[WIP] Adding sklearn wrapper for LDA code #932

AadityaJ · 2016-10-10T07:48:16Z

creating wrapper to make LdaModel of gensim scikit-learn API enabled

tmylk · 2016-10-10T09:07:30Z

Please add tests, a changelog and a quick draft of an ipynb on how to use it with sklearn api.

devashishd12 · 2016-10-10T09:10:10Z

Wouldn't it be useful to also add a partial_fit which wraps update?

tmylk · 2016-10-10T09:30:26Z

Yes, update is on the road map

piskvorky · 2016-10-21T02:13:23Z

gensim/sklearn_integration/base.py

+            self.setattr(parameter, value)
+        return self
+
+    def fit(self,X,y=None):


PEP8: Spaces after commas.

suggestions have been incorporated. thanks

piskvorky · 2016-10-21T02:13:44Z

gensim/sklearn_integration/base.py

+        """
+        if X is None:
+            raise AttributeError("Corpus defined as none")
+        self.lda_model = gensim.models.LdaModel(corpus=X,num_topics=self.n_topics, id2word=self.id2word, passes=self.passes,


Code style: we don't use vertical indent in gensim. Use hanging indent.

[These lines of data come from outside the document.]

definition invlap :: "nat \<Rightarrow> real \<Rightarrow> grid \<Rightarrow> grid" where
  "invlap N h v = (THE psi. per N psi \<and> gsum N psi = 0 \<and> (\<forall>i j. - lap h psi i j = v i j))"

definition normm1sq :: "nat \<Rightarrow> real \<Rightarrow> grid \<Rightarrow> real" where
  "normm1sq N h v = ip N h v (invlap N h v)"

definition Fen :: "real \<Rightarrow> real \<Rightarrow> real \<Rightarrow> nat \<Rightarrow> real \<Rightarrow> grid \<Rightarrow> real" where
  "Fen N1 N2 chi N h p = h^2 * gsum N (\<lambda>i j.
      Sfun N1 N2 (p i j) + Hfun N1 N2 chi (p i j)
      + kap (p i j) * (ax (\<lambda>a b. (Dx h p a b)^2) i j + ay (\<lambda>a b. (Dy h p a b)^2) i j))"

definition Eh :: "real \<Rightarrow> real \<Rightarrow> real \<Rightarrow> nat \<Rightarrow> real \<Rightarrow> real \<Rightarrow> grid \<Rightarrow> grid \<Rightarrow> real" where
  "Eh N1 N2 chi N h dt p q =
     Fen N1 N2 chi N h p + 1 / (4 * dt) * normm1sq N h (\<lambda>i j. p i j - q i j)
     + chi * rho N1 N2 * norm2sq N h (\<lambda>i j. p i j - q i j)"

end

theory Submission
  imports Defs
begin

(* The potentials psi_k with -Delta_h psi_k = phi^(k+1) - phi^k turn the H^-1 norms into Dirichlet
   energies, and the scheme provides them for free: it says
   3 (phi^(k+2) - phi^(k+1)) - (phi^(k+1) - phi^k) = 2 dt Delta_h mu^(k+2), and phi^1 = phi^0.
   Testing the chemical potential with delta = phi^(n+1) - phi^n gives
   (mu, delta) >= F(phi^(n+1)) - F(phi^n) - chi rho |phi^n - phi^(n-1)|^2 + A dt |grad delta|^2:
   the entropy S and the gradient energy kap(phi) |grad phi|^2, which is jointly convex in
   (phi, grad phi), lie above their tangents; the concave H, evaluated at the extrapolation
   2 phi^n - phi^(n-1), costs the chi rho term; the stabilization gives A dt |grad delta|^2.
   On the other side the BDF2 quotient gives
   (mu, delta) = -(3 |grad psi_n|^2 - (grad psi_(n-1), grad psi_n)) / (2 dt).
   Cauchy-Schwarz on the cross term and Young's inequality
   chi rho |delta|^2 = chi rho (grad psi_n, grad delta)
     <= A dt |grad delta|^2 + (chi rho)^2 / (4 A dt) |grad psi_n|^2
   close the estimate. *)

section \<open>Periodic grid functions and summation by parts\<close>

lemma per_const: "per N (\<lambda>i j. c)"
  by (simp add: per_def)

lemma per_map: "per N f \<Longrightarrow> per N (\<lambda>i j. F (f i j))"
  by (simp add: per_def)

lemma per_map2: "per N f \<Longrightarrow> per N g \<Longrightarrow> per N (\<lambda>i j. F (f i j) (g i j))"
  by (simp add: per_def)

lemma per_Dx: "per N f \<Longrightarrow> per N (Dx h f)"
  unfolding per_def Dx_def by (metis add.assoc add.commute)

lemma per_Dy: "per N f \<Longrightarrow> per N (Dy h f)"
  unfolding per_def Dy_def by (metis add.assoc add.commute)

lemma per_Ax: "per N f \<Longrightarrow> per N (Ax f)"
  unfolding per_def Ax_def by (metis add.assoc add.commute)

lemma per_Ay: "per N f \<Longrightarrow> per N (Ay f)"
  unfolding per_def Ay_def by (metis add.assoc add.commute)

lemma per_shift_x: "per N f \<Longrightarrow> per N (\<lambda>i j. f (i + a) j)"
  unfolding per_def by (metis add.assoc add.commute)

lemma per_shift_y: "per N f \<Longrightarrow> per N (\<lambda>i j. f i (j + b))"
  unfolding per_def by (metis add.assoc add.commute)

lemma gsum_add: "gsum N (\<lambda>i j. f i j + g i j) = gsum N f + gsum N g"
  by (simp add: gsum_def sum.distrib)

lemma gsum_diff: "gsum N (\<lambda>i j. f i j - g i j) = gsum N f - gsum N g"
  by (simp add: gsum_def sum_subtractf)

lemma gsum_cmult: "gsum N (\<lambda>i j. c * f i j) = c * gsum N f"
  by (simp add: gsum_def sum_distrib_left)

lemma gsum_divide: "gsum N (\<lambda>i j. f i j / c) = gsum N f / c"
  by (simp add: gsum_def sum_divide_distrib)

lemma gsum_const: "gsum N (\<lambda>i j. c) = real N * real N * c"
  by (simp add: gsum_def)

lemma gsum_mono: "(\<And>i j. f i j \<le> g i j) \<Longrightarrow> gsum N f \<le> gsum N g"
  by (simp add: gsum_def sum_mono)

lemma sum_periodic_shift:
  fixes G :: "int \<Rightarrow> real"
  assumes "\<And>i. G (i + int N) = G i"
  shows "(\<Sum>i\<in>{1..int N}. G (i + 1)) = (\<Sum>i\<in>{1..int N}. G i)"
proof (cases "N = 0")
  case False
  then have box: "{1..int N} = insert 1 {2..int N}"
    by auto
  have "(\<Sum>i\<in>{1..int N}. G (i + 1)) = (\<Sum>i\<in>{2..int N + 1}. G i)"
    by (rule sum.reindex_bij_witness[of _ "\<lambda>i. i - 1" "\<lambda>i. i + 1"]) auto
  also have "\<dots> = G (int N + 1) + (\<Sum>i\<in>{2..int N}. G i)"
    using False by (simp add: atLeastAtMostPlus1_int_conv add.commute)
  also have "G (int N + 1) = G 1"
    using assms[of 1] by (simp add: add.commute)
  also have "G 1 + (\<Sum>i\<in>{2..int N}. G i) = (\<Sum>i\<in>{1..int N}. G i)"
    by (simp add: box)
  finally show ?thesis .
qed simp

lemma gsum_shift_x: "per N g \<Longrightarrow> gsum N (\<lambda>i j. g (i + 1) j) = gsum N g"
  unfolding gsum_def per_def
  by (subst (1 2) sum.swap) (intro sum.cong refl sum_periodic_shift; simp)

lemma gsum_shift_y: "per N g \<Longrightarrow> gsum N (\<lambda>i j. g i (j + 1)) = gsum N g"
  unfolding gsum_def per_def by (intro sum.cong refl sum_periodic_shift; simp)

lemma gsum_dx_mult:
  assumes f: "per N f" and u: "per N u"
  shows "gsum N (\<lambda>i j. dx h f i j * u i j) = - gsum N (\<lambda>i j. f i j * Dx h u i j)"
proof -
  have shift: "gsum N (\<lambda>i j. f (i - 1) j * u i j) = gsum N (\<lambda>i j. f i j * u (i + 1) j)"
    using gsum_shift_x[OF per_map2[OF per_shift_x[OF f, of "-1"] u]] by simp
  have "gsum N (\<lambda>i j. dx h f i j * u i j)
      = gsum N (\<lambda>i j. (f i j * u i j - f (i - 1) j * u i j) / h)"
    by (simp add: dx_def algebra_simps)
  also have "\<dots> = - gsum N (\<lambda>i j. (f i j * u (i + 1) j - f i j * u i j) / h)"
    by (simp only: gsum_divide gsum_diff shift) (simp add: diff_divide_distrib)
  also have "\<dots> = - gsum N (\<lambda>i j. f i j * Dx h u i j)"
    by (simp add: Dx_def algebra_simps)
  finally show ?thesis .
qed

lemma gsum_ax_mult:
  assumes f: "per N f" and u: "per N u"
  shows "gsum N (\<lambda>i j. ax f i j * u i j) = gsum N (\<lambda>i j. f i j * Ax u i j)"
proof -
  have shift: "gsum N (\<lambda>i j. f (i - 1) j * u i j) = gsum N (\<lambda>i j. f i j * u (i + 1) j)"
    using gsum_shift_x[OF per_map2[OF per_shift_x[OF f, of "-1"] u]] by simp
  have "gsum N (\<lambda>i j. ax f i j * u i j)
      = gsum N (\<lambda>i j. (f i j * u i j + f (i - 1) j * u i j) / 2)"
    by (simp add: ax_def algebra_simps)
  also have "\<dots> = gsum N (\<lambda>i j. (f i j * u i j + f i j * u (i + 1) j) / 2)"
    by (simp only: gsum_divide gsum_add shift)
  also have "\<dots> = gsum N (\<lambda>i j. f i j * Ax u i j)"
    by (simp add: Ax_def algebra_simps)
  finally show ?thesis .
qed

lemma gsum_dy_mult:
  assumes f: "per N f" and u: "per N u"
  shows "gsum N (\<lambda>i j. dy h f i j * u i j) = - gsum N (\<lambda>i j. f i j * Dy h u i j)"
proof -
  have shift: "gsum N (\<lambda>i j. f i (j - 1) * u i j) = gsum N (\<lambda>i j. f i j * u i (j + 1))"
    using gsum_shift_y[OF per_map2[OF per_shift_y[OF f, of "-1"] u]] by simp
  have "gsum N (\<lambda>i j. dy h f i j * u i j)
      = gsum N (\<lambda>i j. (f i j * u i j - f i (j - 1) * u i j) / h)"
    by (simp add: dy_def algebra_simps)
  also have "\<dots> = - gsum N (\<lambda>i j. (f i j * u i (j + 1) - f i j * u i j) / h)"
    by (simp only: gsum_divide gsum_diff shift) (simp add: diff_divide_distrib)
  also have "\<dots> = - gsum N (\<lambda>i j. f i j * Dy h u i j)"
    by (simp add: Dy_def algebra_simps)
  finally show ?thesis .
qed

lemma gsum_ay_mult:
  assumes f: "per N f" and u: "per N u"
  shows "gsum N (\<lambda>i j. ay f i j * u i j) = gsum N (\<lambda>i j. f i j * Ay u i j)"
proof -
  have shift: "gsum N (\<lambda>i j. f i (j - 1) * u i j) = gsum N (\<lambda>i j. f i j * u i (j + 1))"
    using gsum_shift_y[OF per_map2[OF per_shift_y[OF f, of "-1"] u]] by simp
  have "gsum N (\<lambda>i j. ay f i j * u i j)
      = gsum N (\<lambda>i j. (f i j * u i j + f i (j - 1) * u i j) / 2)"
    by (simp add: ay_def algebra_simps)
  also have "\<dots> = gsum N (\<lambda>i j. (f i j * u i j + f i j * u i (j + 1)) / 2)"
    by (simp only: gsum_divide gsum_add shift)
  also have "\<dots> = gsum N (\<lambda>i j. f i j * Ay u i j)"
    by (simp add: Ay_def algebra_simps)
  finally show ?thesis .
qed

definition grad_ip :: "nat \<Rightarrow> real \<Rightarrow> grid \<Rightarrow> grid \<Rightarrow> real" where
  "grad_ip N h u w = ip N h (Dx h u) (Dx h w) + ip N h (Dy h u) (Dy h w)"

lemma ip_commute: "ip N h u v = ip N h v u"
  unfolding ip_def by (simp add: mult.commute)

lemma grad_ip_commute: "grad_ip N h u v = grad_ip N h v u"
  unfolding grad_ip_def by (simp add: ip_commute)

lemma grad_ip_self_nonneg: "grad_ip N h u u \<ge> 0"
  unfolding grad_ip_def ip_def gsum_def by (simp add: sum_nonneg add_nonneg_nonneg)

lemma ip_lap_left:
  assumes "per N u" "per N w"
  shows "ip N h (lap h u) w = - grad_ip N h u w"
  using gsum_dx_mult[OF per_Dx[OF assms(1)] assms(2), of h]
    gsum_dy_mult[OF per_Dy[OF assms(1)] assms(2), of h]
  unfolding ip_def grad_ip_def lap_def by (simp add: distrib_right gsum_add algebra_simps)

lemma young_weighted:
  fixes K c x y :: real
  assumes "K > 0"
  shows "2 * c * x * y \<le> K * y^2 + c^2 / K * x^2"
proof -
  have "0 \<le> (K * y - c * x)^2 / K" using assms by simp
  also have "\<dots> = K * y^2 + c^2 / K * x^2 - 2 * c * x * y"
    using assms by (simp add: field_simps power2_eq_square)
  finally show ?thesis by simp
qed

lemma ip_young:
  assumes "K > 0"
  shows "2 * c * ip N h u v \<le> K * ip N h v v + c^2 / K * ip N h u u"
proof -
  have "gsum N (\<lambda>i j. 2 * c * (u i j * v i j))
      \<le> gsum N (\<lambda>i j. K * (v i j * v i j) + c^2 / K * (u i j * u i j))"
    using young_weighted[OF assms] by (intro gsum_mono) (simp add: power2_eq_square mult.assoc)
  then have "h^2 * gsum N (\<lambda>i j. 2 * c * (u i j * v i j))
      \<le> h^2 * gsum N (\<lambda>i j. K * (v i j * v i j) + c^2 / K * (u i j * u i j))"
    by (rule mult_left_mono) simp
  then show ?thesis
    unfolding ip_def gsum_add gsum_cmult by (simp add: algebra_simps)
qed

lemma grad_ip_young:
  assumes "K > 0"
  shows "2 * c * grad_ip N h u v \<le> K * grad_ip N h v v + c^2 / K * grad_ip N h u u"
  using ip_young[OF assms, of c N h "Dx h u" "Dx h v"] ip_young[OF assms, of c N h "Dy h u" "Dy h v"]
  unfolding grad_ip_def by (simp add: algebra_simps)

section \<open>The discrete inverse Laplacian\<close>

lemma per_multiple:
  assumes "per N f"
  shows "f (i + int N * k) (j + int N * l) = f i j"
proof -
  have x: "f (i + int N * k) j = f i j" for i j k
  proof (induction k rule: int_induct[where k = 0])
    case (step1 k)
    then show ?case
      using assms unfolding per_def by (metis distrib_left add.assoc mult.right_neutral)
  next
    case (step2 k)
    then show ?case
      using assms unfolding per_def by (metis add.assoc diff_add_cancel distrib_left mult.right_neutral)
  qed simp
  have y: "f i (j + int N * l) = f i j" for i j l
  proof (induction l rule: int_induct[where k = 0])
    case (step1 l)
    then show ?case
      using assms unfolding per_def by (metis distrib_left add.assoc mult.right_neutral)
  next
    case (step2 l)
    then show ?case
      using assms unfolding per_def by (metis add.assoc diff_add_cancel distrib_left mult.right_neutral)
  qed simp
  show ?thesis using x y by simp
qed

(plus, spaces & commas again)

piskvorky · 2016-10-21T02:14:31Z

gensim/test/test_sklearn_integration.py

+corpus = [dictionary.doc2bow(text) for text in texts]
+
+
+class TestLdaModel:


All Python classes should inherit from object (new-style classes).

piskvorky · 2016-10-21T02:14:44Z

gensim/test/test_sklearn_integration.py

+            self.assertTrue(isinstance(v, float))
+
+if __name__ == '__main__':
+    unittest.main()


Missing newline at the end of file.

piskvorky · 2016-10-25T23:59:25Z

gensim/sklearn_integration/base.py

-                                                eta=self.eta,random_state=self.random_state)
-        return  self.lda_model
+        self.lda_model = gensim.models.LdaModel(
+                         corpus=X, num_topics=self.n_topics, id2word=self.id2word, passes=self.passes,


Indent too large (should be a single level).

piskvorky · 2016-10-26T00:00:03Z

gensim/sklearn_integration/base.py

-        # might need to do more
-    def get_term_topics(self,wordid,minimum_probability=None):
+        return self.lda_model.get_document_topics(bow, minimum_probability=minimum_probability,
+                                                  minimum_phi_value=minimum_phi_value, per_word_topics=per_word_topics)


No vertical indent in gensim; we use hanging indent (see PEP8 for examples).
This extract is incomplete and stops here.